AIM OF THE EXERCISE:
Would you reproduce the entries that follow exactly as they appear?
*** Opening of THE RECORDS ***
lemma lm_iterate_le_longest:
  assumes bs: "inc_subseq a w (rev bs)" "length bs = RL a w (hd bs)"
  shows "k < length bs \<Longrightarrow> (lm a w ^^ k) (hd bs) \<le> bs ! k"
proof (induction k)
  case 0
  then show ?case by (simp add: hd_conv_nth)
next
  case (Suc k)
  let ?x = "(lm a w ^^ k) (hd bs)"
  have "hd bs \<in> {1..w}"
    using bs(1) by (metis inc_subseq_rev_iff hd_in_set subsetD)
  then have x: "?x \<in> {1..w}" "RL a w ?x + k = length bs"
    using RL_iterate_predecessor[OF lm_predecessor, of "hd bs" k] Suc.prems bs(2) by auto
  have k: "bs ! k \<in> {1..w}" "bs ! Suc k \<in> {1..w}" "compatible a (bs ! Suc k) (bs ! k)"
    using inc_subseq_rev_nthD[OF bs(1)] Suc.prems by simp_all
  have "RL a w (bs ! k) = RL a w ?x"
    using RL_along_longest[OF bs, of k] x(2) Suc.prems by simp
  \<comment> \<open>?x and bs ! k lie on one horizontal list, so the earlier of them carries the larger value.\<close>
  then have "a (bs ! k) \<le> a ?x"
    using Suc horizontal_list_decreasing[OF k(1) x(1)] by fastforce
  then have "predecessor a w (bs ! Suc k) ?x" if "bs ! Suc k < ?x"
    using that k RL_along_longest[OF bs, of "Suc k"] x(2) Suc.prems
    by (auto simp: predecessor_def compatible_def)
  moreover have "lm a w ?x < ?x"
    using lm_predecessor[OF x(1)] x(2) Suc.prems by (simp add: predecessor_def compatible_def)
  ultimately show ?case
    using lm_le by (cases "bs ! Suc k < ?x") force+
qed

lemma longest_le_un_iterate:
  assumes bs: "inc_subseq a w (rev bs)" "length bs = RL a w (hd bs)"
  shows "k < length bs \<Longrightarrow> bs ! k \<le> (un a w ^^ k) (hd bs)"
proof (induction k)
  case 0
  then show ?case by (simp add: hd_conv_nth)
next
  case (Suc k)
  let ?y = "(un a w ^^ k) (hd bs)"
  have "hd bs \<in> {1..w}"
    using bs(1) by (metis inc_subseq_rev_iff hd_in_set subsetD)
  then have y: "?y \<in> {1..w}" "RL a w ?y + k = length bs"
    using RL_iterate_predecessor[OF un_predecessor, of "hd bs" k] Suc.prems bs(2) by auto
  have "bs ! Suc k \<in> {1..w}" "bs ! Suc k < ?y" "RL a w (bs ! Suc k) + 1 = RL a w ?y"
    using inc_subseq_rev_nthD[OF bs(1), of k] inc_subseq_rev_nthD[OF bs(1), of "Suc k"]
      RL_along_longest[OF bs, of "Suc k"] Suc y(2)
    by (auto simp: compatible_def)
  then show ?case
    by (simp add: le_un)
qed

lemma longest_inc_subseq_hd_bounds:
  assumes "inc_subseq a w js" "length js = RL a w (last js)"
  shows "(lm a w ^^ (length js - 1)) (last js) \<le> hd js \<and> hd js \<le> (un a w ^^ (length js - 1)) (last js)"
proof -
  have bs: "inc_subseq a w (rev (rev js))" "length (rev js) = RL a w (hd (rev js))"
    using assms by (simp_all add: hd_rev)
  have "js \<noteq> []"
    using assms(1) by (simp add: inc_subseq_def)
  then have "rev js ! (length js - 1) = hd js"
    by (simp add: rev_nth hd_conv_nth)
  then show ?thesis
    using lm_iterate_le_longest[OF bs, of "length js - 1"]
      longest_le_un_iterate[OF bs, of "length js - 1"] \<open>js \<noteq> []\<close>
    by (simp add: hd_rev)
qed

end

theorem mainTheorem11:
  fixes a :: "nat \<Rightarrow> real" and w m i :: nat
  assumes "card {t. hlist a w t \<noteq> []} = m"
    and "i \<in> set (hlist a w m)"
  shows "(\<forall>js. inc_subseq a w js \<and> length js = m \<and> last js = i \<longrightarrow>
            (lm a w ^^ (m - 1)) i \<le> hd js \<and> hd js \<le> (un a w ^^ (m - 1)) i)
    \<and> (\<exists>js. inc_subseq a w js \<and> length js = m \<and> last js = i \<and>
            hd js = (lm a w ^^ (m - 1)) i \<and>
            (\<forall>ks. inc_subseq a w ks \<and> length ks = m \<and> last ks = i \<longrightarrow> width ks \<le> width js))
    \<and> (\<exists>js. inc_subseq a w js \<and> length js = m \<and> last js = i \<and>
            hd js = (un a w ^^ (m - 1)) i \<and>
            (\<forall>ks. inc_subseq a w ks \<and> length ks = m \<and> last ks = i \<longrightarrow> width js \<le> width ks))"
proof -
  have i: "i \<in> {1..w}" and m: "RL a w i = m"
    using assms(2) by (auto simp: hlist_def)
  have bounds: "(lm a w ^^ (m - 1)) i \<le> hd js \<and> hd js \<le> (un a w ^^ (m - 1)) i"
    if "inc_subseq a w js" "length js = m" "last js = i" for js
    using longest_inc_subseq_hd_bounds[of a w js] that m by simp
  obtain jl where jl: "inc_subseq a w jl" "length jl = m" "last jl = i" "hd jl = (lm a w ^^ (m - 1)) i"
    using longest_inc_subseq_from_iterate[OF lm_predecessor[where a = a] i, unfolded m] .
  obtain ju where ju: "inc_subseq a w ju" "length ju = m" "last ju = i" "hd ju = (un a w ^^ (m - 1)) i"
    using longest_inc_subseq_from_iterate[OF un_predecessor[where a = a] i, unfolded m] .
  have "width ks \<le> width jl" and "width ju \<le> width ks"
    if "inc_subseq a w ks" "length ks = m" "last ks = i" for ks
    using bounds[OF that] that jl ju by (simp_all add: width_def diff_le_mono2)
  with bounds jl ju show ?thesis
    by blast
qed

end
*** Close of THE RECORDS ***
SOLUTION TO THIS EXERCISE:
lemma lm_iterate_le_longest:
  assumes bs: "inc_subseq a w (rev bs)" "length bs = RL a w (hd bs)"
  shows "k < length bs \<Longrightarrow> (lm a w ^^ k) (hd bs) \<le> bs ! k"
proof (induction k)
  case 0
  then show ?case by (simp add: hd_conv_nth)
next
  case (Suc k)
  let ?x = "(lm a w ^^ k) (hd bs)"
  have "hd bs \<in> {1..w}"
    using bs(1) by (metis inc_subseq_rev_iff hd_in_set subsetD)
  then have x: "?x \<in> {1..w}" "RL a w ?x + k = length bs"
    using RL_iterate_predecessor[OF lm_predecessor, of "hd bs" k] Suc.prems bs(2) by auto
  have k: "bs ! k \<in> {1..w}" "bs ! Suc k \<in> {1..w}" "compatible a (bs ! Suc k) (bs ! k)"
    using inc_subseq_rev_nthD[OF bs(1)] Suc.prems by simp_all
  have "RL a w (bs ! k) = RL a w ?x"
    using RL_along_longest[OF bs, of k] x(2) Suc.prems by simp
  \<comment> \<open>?x and bs ! k lie on one horizontal list, so the earlier of them carries the larger value.\<close>
  then have "a (bs ! k) \<le> a ?x"
    using Suc horizontal_list_decreasing[OF k(1) x(1)] by fastforce
  then have "predecessor a w (bs ! Suc k) ?x" if "bs ! Suc k < ?x"
    using that k RL_along_longest[OF bs, of "Suc k"] x(2) Suc.prems
    by (auto simp: predecessor_def compatible_def)
  moreover have "lm a w ?x < ?x"
    using lm_predecessor[OF x(1)] x(2) Suc.prems by (simp add: predecessor_def compatible_def)
  ultimately show ?case
    using lm_le by (cases "bs ! Suc k < ?x") force+
qed

lemma longest_le_un_iterate:
  assumes bs: "inc_subseq a w (rev bs)" "length bs = RL a w (hd bs)"
  shows "k < length bs \<Longrightarrow> bs ! k \<le> (un a w ^^ k) (hd bs)"
proof (induction k)
  case 0
  then show ?case by (simp add: hd_conv_nth)
next
  case (Suc k)
  let ?y = "(un a w ^^ k) (hd bs)"
  have "hd bs \<in> {1..w}"
    using bs(1) by (metis inc_subseq_rev_iff hd_in_set subsetD)
  then have y: "?y \<in> {1..w}" "RL a w ?y + k = length bs"
    using RL_iterate_predecessor[OF un_predecessor, of "hd bs" k] Suc.prems bs(2) by auto
  have "bs ! Suc k \<in> {1..w}" "bs ! Suc k < ?y" "RL a w (bs ! Suc k) + 1 = RL a w ?y"
    using inc_subseq_rev_nthD[OF bs(1), of k] inc_subseq_rev_nthD[OF bs(1), of "Suc k"]
      RL_along_longest[OF bs, of "Suc k"] Suc y(2)
    by (auto simp: compatible_def)
  then show ?case
    by (simp add: le_un)
qed

lemma longest_inc_subseq_hd_bounds:
  assumes "inc_subseq a w js" "length js = RL a w (last js)"
  shows "(lm a w ^^ (length js - 1)) (last js) \<le> hd js \<and> hd js \<le> (un a w ^^ (length js - 1)) (last js)"
proof -
  have bs: "inc_subseq a w (rev (rev js))" "length (rev js) = RL a w (hd (rev js))"
    using assms by (simp_all add: hd_rev)
  have "js \<noteq> []"
    using assms(1) by (simp add: inc_subseq_def)
  then have "rev js ! (length js - 1) = hd js"
    by (simp add: rev_nth hd_conv_nth)
  then show ?thesis
    using lm_iterate_le_longest[OF bs, of "length js - 1"]
      longest_le_un_iterate[OF bs, of "length js - 1"] \<open>js \<noteq> []\<close>
    by (simp add: hd_rev)
qed

end

theorem mainTheorem11:
  fixes a :: "nat \<Rightarrow> real" and w m i :: nat
  assumes "card {t. hlist a w t \<noteq> []} = m"
    and "i \<in> set (hlist a w m)"
  shows "(\<forall>js. inc_subseq a w js \<and> length js = m \<and> last js = i \<longrightarrow>
            (lm a w ^^ (m - 1)) i \<le> hd js \<and> hd js \<le> (un a w ^^ (m - 1)) i)
    \<and> (\<exists>js. inc_subseq a w js \<and> length js = m \<and> last js = i \<and>
            hd js = (lm a w ^^ (m - 1)) i \<and>
            (\<forall>ks. inc_subseq a w ks \<and> length ks = m \<and> last ks = i \<longrightarrow> width ks \<le> width js))
    \<and> (\<exists>js. inc_subseq a w js \<and> length js = m \<and> last js = i \<and>
            hd js = (un a w ^^ (m - 1)) i \<and>
            (\<forall>ks. inc_subseq a w ks \<and> length ks = m \<and> last ks = i \<longrightarrow> width js \<le> width ks))"
proof -
  have i: "i \<in> {1..w}" and m: "RL a w i = m"
    using assms(2) by (auto simp: hlist_def)
  have bounds: "(lm a w ^^ (m - 1)) i \<le> hd js \<and> hd js \<le> (un a w ^^ (m - 1)) i"
    if "inc_subseq a w js" "length js = m" "last js = i" for js
    using longest_inc_subseq_hd_bounds[of a w js] that m by simp
  obtain jl where jl: "inc_subseq a w jl" "length jl = m" "last jl = i" "hd jl = (lm a w ^^ (m - 1)) i"
    using longest_inc_subseq_from_iterate[OF lm_predecessor[where a = a] i, unfolded m] .
  obtain ju where ju: "inc_subseq a w ju" "length ju = m" "last ju = i" "hd ju = (un a w ^^ (m - 1)) i"
    using longest_inc_subseq_from_iterate[OF un_predecessor[where a = a] i, unfolded m] .
  have "width ks \<le> width jl" and "width ju \<le> width ks"
    if "inc_subseq a w ks" "length ks = m" "last ks = i" for ks
    using bounds[OF that] that jl ju by (simp_all add: width_def diff_le_mono2)
  with bounds jl ju show ?thesis
    by blast
qed

end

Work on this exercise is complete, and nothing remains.